Quantification of soluble VE-cadherin and VEGF
The hVE-cadherin Quantikine kit (#DCADV0, R&D Systems) was used to measure soluble VE-cadherin in the culture medium and the hVEGF Quantikine kit (#DVE00, R&D Systems) was used to quantify secreted VEGF in the culture medium of tumor cells. These enzyme-linked immunosorbent assay (ELISA) was performed according to the kit instructions.
Statistical analysis
GraphPad Prism (GraphPad Software, La Jolla, CA) was used for data analysis (Student’s t-test).
Results
Endothelial permeability is increased after irradiation
The effect of ionizing radiation on the permeability of an endothelial monolayer was investigated and compared with the effects of known permeability-inducing agents such as VEGF (vascular endothelial growth factor-A) [14], TNFα (tumor necrosis factor alpha [15], as well as of APMA (4-aminophenylmercuric acetate) [16], an activator of matrix metalloproteinases. Irradiation with photons significantly and dose-dependently increased the permeability of endothelial cell monolayers by 25% at 2 Gy and by 35% at 4 Gy when compared to non-irradiated controls (Fig. 1a). This increase was comparable to that achieved by permeability-increasing substances (Fig. 1b).
ADAM inhibitors counteract the radiation-induced increase in endothelial permeability
Treating endothelial cell monolayers with the ADAM10 inhibitors GI254023X and GW280264X (also inhibiting ADAM17) led to reduced permeability corresponding to approx. 40 and 60%, respectively, of that of controls treated with vehicle (DMSO) alone (100%; Fig. 1c). Both inhibitors also reduced the radiation-induced increase in the permeability of endothelial cell monolayers (Fig. 1d).
Expression and activation of ADAM10, but not of ADAM17, is increased in irradiated endothelial cells
The lack of irradiation-induced permeability increases in the presence of ADAM inhibitors implicated these proteases as possible mediators of this effect. Therefore, we wanted to know whether the expression levels of ADAM10 and ADAM17 were influenced by irradiation. While both, ADAM10 (Fig. 2a) and ADAM17 (Fig. 2b) were upregulated on the mRNA level, only ADAM10 protein levels, especially those of its mature (i.e. active) form (68-kDa-fragment) were increased (Fig. 2c and e). ADAM 17 protein levels remained constant (Fig. 2d and e).

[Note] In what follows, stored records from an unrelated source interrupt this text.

(* Let $U=\ln Z_2-H_S(\underline\theta)$, $T=Z_1/Z_2$ and $\mu=\max\{\theta_1,\theta_2\}/\min\{\theta_1,\theta_2\}\ge1$. For every $t\in(0,1]$, $$\mathbb E_{\underline\theta}[U\mid T=t]=\psi(2\alpha)-k_t(\mu),$$ where $k_t(\mu)=\dfrac{(1+t\mu)^{2\alpha}\ln(1+t/\mu)+(\mu+t)^{2\alpha}\ln(1+t\mu)}{(1+t\mu)^{2\alpha}+(\mu+t)^{2\alpha}}$. Consequently $\sup_{\mu\ge1}\mathbb E_{\underline\theta}[U\mid T=t]=\psi(2\alpha)-\ln(1+t)$.
   Context: Fix a known $\alpha>0$. $X_1,X_2$ are independent, $X_i$ having density $f(x\mid\theta_i)=\frac{x^{\alpha-1}e^{-x/\theta_i}}{\Gamma(\alpha)\theta_i^{\alpha}}$, $x>0$, with unknown $\underline\theta=(\theta_1,\theta_2)\in(0,\infty)^2$. $Z_1=\min\{X_1,X_2\}$, $Z_2=\max\{X_1,X_2\}$. $H_S(\underline\theta)=\ln\theta_1\, I(X_1\ge X_2)+\ln\theta_2\, I(X_1<X_2)$. $\psi$ is the digamma function. *)

theory Defs
  imports "HOL-Probability.Probability"
begin

definition gamma_dens :: "real \<Rightarrow> real \<Rightarrow> real \<Rightarrow> real" where
  "gamma_dens \<alpha> \<theta> x =
     (if 0 < x then x powr (\<alpha> - 1) * exp (- x / \<theta>) / (Gamma \<alpha> * \<theta> powr \<alpha>) else 0)"

definition k_fun :: "real \<Rightarrow> real \<Rightarrow> real \<Rightarrow> real" where
  "k_fun \<alpha> t \<mu> =
     ((1 + t * \<mu>) powr (2 * \<alpha>) * ln (1 + t / \<mu>) + (\<mu> + t) powr (2 * \<alpha>) * ln (1 + t * \<mu>))
     / ((1 + t * \<mu>) powr (2 * \<alpha>) + (\<mu> + t) powr (2 * \<alpha>))"

end

theory Submission
  imports Defs
begin

text \<open>Conditioning on \<open>T = Z\<^sub>1 / Z\<^sub>2\<close> means integrating, for each value \<open>t\<close> of the ratio, along the ray
  \<open>{(x, x t)}\<close> (and its mirror image), where \<open>x = Z\<^sub>2\<close> and the Jacobian is \<open>x\<close>. For gamma densities of
  a common shape \<open>\<alpha>\<close>, \<open>x f\<^sub>1(x) f\<^sub>2(x t)\<close> is again a gamma kernel \<open>x\<^sup>2\<^sup>\<alpha>\<^sup>-\<^sup>1 e\<^sup>-\<^sup>c\<^sup>x\<close>, whose integrals
  against \<open>1\<close> and \<open>ln x\<close> are \<open>\<Gamma>(2\<alpha>) c\<^sup>-\<^sup>2\<^sup>\<alpha>\<close> and \<open>\<Gamma>(2\<alpha>) (\<psi>(2\<alpha>) - ln c) c\<^sup>-\<^sup>2\<^sup>\<alpha>\<close> (the latter by
  differentiating \<open>\<Gamma>\<close> under the integral sign). Adding the contributions of the orderings \<open>X\<^sub>1 \<ge> X\<^sub>2\<close> and
  \<open>X\<^sub>1 < X\<^sub>2\<close>, the weights \<open>c\<^sup>-\<^sup>2\<^sup>\<alpha>\<close> turn the logarithms into the weighted mean \<open>k\<^sub>t(\<mu>)\<close>. That mean is
  at least \<open>ln (1 + t) = k\<^sub>t(1)\<close>, so the supremum over \<open>\<mu> \<ge> 1\<close> is attained at \<open>\<mu> = 1\<close>.\<close>

section \<open>Gamma integrals\<close>

lemma has_bochner_integral_lborel_scale:
  fixes f :: "real \<Rightarrow> real"
  assumes "has_bochner_integral lborel f I" and "c > 0"
  shows "has_bochner_integral lborel (\<lambda>x. f (c * x)) (I / c)"
  using assms lborel_integrable_real_affine[of f c 0] lborel_integral_real_affine[of c f 0]
  by (auto simp: has_bochner_integral_iff field_simps)

lemma has_bochner_integral_Gamma:
  assumes "s > (0::real)"
  shows "has_bochner_integral lborel (\<lambda>x. indicator {0<..} x * (x powr (s - 1) * exp (- x))) (Gamma s)"
proof (rule has_bochner_integral_nn_integral)
  have "indicator {0<..} x * (x powr (s - 1) * exp (- x)) = indicator {0..} x * x powr (s - 1) / exp x" for x
    by (auto simp: indicator_def exp_minus field_simps)
  then show "(\<integral>\<^sup>+x. ennreal (indicator {0<..} x * (x powr (s - 1) * exp (- x))) \<partial>lborel) = ennreal (Gamma s)"
    by (simp only:) (rule Gamma_conv_nn_integral_real[OF assms, symmetric])
qed (use assms in \<open>auto simp: Gamma_real_pos less_imp_le\<close>)

lemma has_bochner_integral_Gamma_scaled:
  assumes s: "s > (0::real)" and c: "c > 0"
  shows "has_bochner_integral lborel (\<lambda>x. indicator {0<..} x * (x powr (s - 1) * exp (- (c * x)))) (Gamma s / c powr s)"
proof -
  have "has_bochner_integral lborel
      (\<lambda>x. indicator {0<..} (c * x) * ((c * x) powr (s - 1) * exp (- (c * x))) / c powr (s - 1))
      (Gamma s / c / c powr (s - 1))"
    using has_bochner_integral_lborel_scale[OF has_bochner_integral_Gamma[OF s] c] by (rule has_bochner_integral_divide)
  moreover have "Gamma s / c / c powr (s - 1) = Gamma s / c powr s"
    using c by (simp add: powr_diff)
  ultimately show ?thesis
    using c by (simp only:) (simp add: indicator_def powr_mult zero_less_mult_iff)
qed

lemma abs_exp_minus_one_le: "\<bar>exp y - 1\<bar> \<le> \<bar>y\<bar> * exp \<bar>y\<bar>" for y :: real
proof (cases "y \<ge> 0")
  case True
  have "(1 - y) * exp y \<le> exp (- y) * exp y"
    using exp_ge_add_one_self[of "- y"] by (intro mult_right_mono) auto
  then show ?thesis using True by (simp add: exp_minus algebra_simps)
next
  case False
  have "- y \<le> - y * exp (- y)" using False by (simp add: mult_le_cancel_left1)
  then have "1 - exp y \<le> - y * exp (- y)" using exp_ge_add_one_self[of y] by linarith
  then show ?thesis using False by (simp add: abs_if)
qed

lemma abs_exp_difference_quotient_le:
  fixes h \<delta> u :: real
  assumes "0 < h" "h \<le> \<delta>"
  shows "\<bar>exp (h * u) - 1\<bar> / h \<le> (exp (2 * \<delta> * u) + exp (- (2 * \<delta> * u))) / \<delta>"
proof -
  have \<delta>: "\<delta> > 0" using assms by simp
  have "\<bar>exp (h * u) - 1\<bar> / h \<le> \<bar>u\<bar> * exp (h * \<bar>u\<bar>)"
    using abs_exp_minus_one_le[of "h * u"] assms by (simp add: abs_mult divide_le_eq mult_ac)
  also have "\<dots> \<le> (exp (\<delta> * \<bar>u\<bar>) / \<delta>) * exp (\<delta> * \<bar>u\<bar>)"
  proof (intro mult_mono)
    have "\<delta> * \<bar>u\<bar> \<le> exp (\<delta> * \<bar>u\<bar>)" using exp_ge_add_one_self[of "\<delta> * \<bar>u\<bar>"] by linarith
    then show "\<bar>u\<bar> \<le> exp (\<delta> * \<bar>u\<bar>) / \<delta>" using \<delta> by (simp add: le_divide_eq mult_ac)
  qed (use assms in \<open>auto simp: mult_right_mono\<close>)
  also have "\<dots> = exp (2 * \<delta> * \<bar>u\<bar>) / \<delta>" by (simp add: exp_add[symmetric])
  also have "\<dots> \<le> (exp (2 * \<delta> * u) + exp (- (2 * \<delta> * u))) / \<delta>"
    using \<delta> by (intro divide_right_mono) (auto simp: abs_if add_increasing add_increasing2)
  finally show ?thesis .
qed

lemma abs_powr_difference_quotient_le:
  fixes x h \<delta> s :: real
  assumes "x > 0" "0 < h" "h \<le> \<delta>"
  shows "\<bar>x powr (s + h - 1) - x powr (s - 1)\<bar> / h \<le> (x powr (s + 2 * \<delta> - 1) + x powr (s - 2 * \<delta> - 1)) / \<delta>"
proof -
  have e: "x powr a = exp (a * ln x)" for a using assms by (simp add: powr_def mult_ac)
  have "x powr (s + h - 1) - x powr (s - 1) = x powr (s - 1) * (exp (h * ln x) - 1)"
    by (simp add: e exp_add[symmetric] algebra_simps)
  then have "\<bar>x powr (s + h - 1) - x powr (s - 1)\<bar> / h = x powr (s - 1) * (\<bar>exp (h * ln x) - 1\<bar> / h)"
    by (simp add: abs_mult)
  also have "\<dots> \<le> x powr (s - 1) * ((exp (2 * \<delta> * ln x) + exp (- (2 * \<delta> * ln x))) / \<delta>)"
    using abs_exp_difference_quotient_le[OF assms(2,3)] by (intro mult_left_mono) auto
  also have "\<dots> = (x powr (s + 2 * \<delta> - 1) + x powr (s - 2 * \<delta> - 1)) / \<delta>"
    by (simp add: e exp_add[symmetric] algebra_simps add_divide_distrib)
  finally show ?thesis .
qed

Irradiation of endothelial cells leads to degradation of VE-cadherin
VE-cadherin is a known target of ADAM10 proteolysis [13] and is an important component of adherens junctions, contributing to endothelial permeability [7, 8]. Therefore, we were interested to see whether exposure to ionizing radiation affected the level of VE-cadherin expression. Immunoblot analyses of lysates prepared from endothelial cell monolayers 12 h and 24 h after irradiation showed decreasing VE-cadherin (Fig. 3a). This effect was more pronounced after 24 h and appeared to be due to increased degradation, as the levels of a 35-kDa proteolytic fragment increased in an irradiation dose-dependent manner, up to > 2-fold compared to non-irradiated controls (Fig. 3b). On the transcript level, we detected up to about 1.2-fold higher mRNA expression 24 h after irradiation (Fig. 3c).
Inhibition of ADAM10 stabilizes VE-cadherin and prevents its irradiation-induced degradation
To further test the hypothesis that irradiation-induced degradation of VE-cadherin is mediated by ADAM10, we measured VE-cadherin protein levels in endothelial cells pre-treated with the ADAM inhibitor GI254023X or GW280264X (Fig. 4a). In the presence of the ADAM10-specific inhibitor, VE-cadherin was stabilized at considerably higher levels compared to control cells, both in non-irradiated cells as well as in endothelial cells irradiated with a dose of 4 Gy. This effect was not observed with GW280264X. Interestingly, both GI254023X and GW280264X led to a reduction to about 50% or the mature form (68 kDa) of the ADAM10 protease, while the levels of its precursor (90 kDa) or ADAM17 were not affected (data not shown). The protease activator APMA [16] and TNFα [15] are both known to lead to increased degradation of VE-cadherin. In the presence of the ADAM10-specific inhibitor GI254023X, this effect was also blocked (Fig. 4b). Next, we investigated the degradation of VE-cadherin in more detail by analyzing both resulting fragments, the 35-kDa C-terminal intracellular fragment (immunoblot, Fig. 4c) and the soluble 90-kDa N-terminal extracellular fragment (ELISA, Fig. 4d). Irradiation increased the cleavage of VE-cadherin and correspondingly led to increased detection of the 35-kDa fragment. However, a corresponding increase in the amount the soluble fragment was not observed. In the presence of the ADAM10-specific inhibitor GI254023X, levels of both proteolytic fragments were decreased to similarly low levels (about 40 and 20%, respectively), irrespective of irradiation.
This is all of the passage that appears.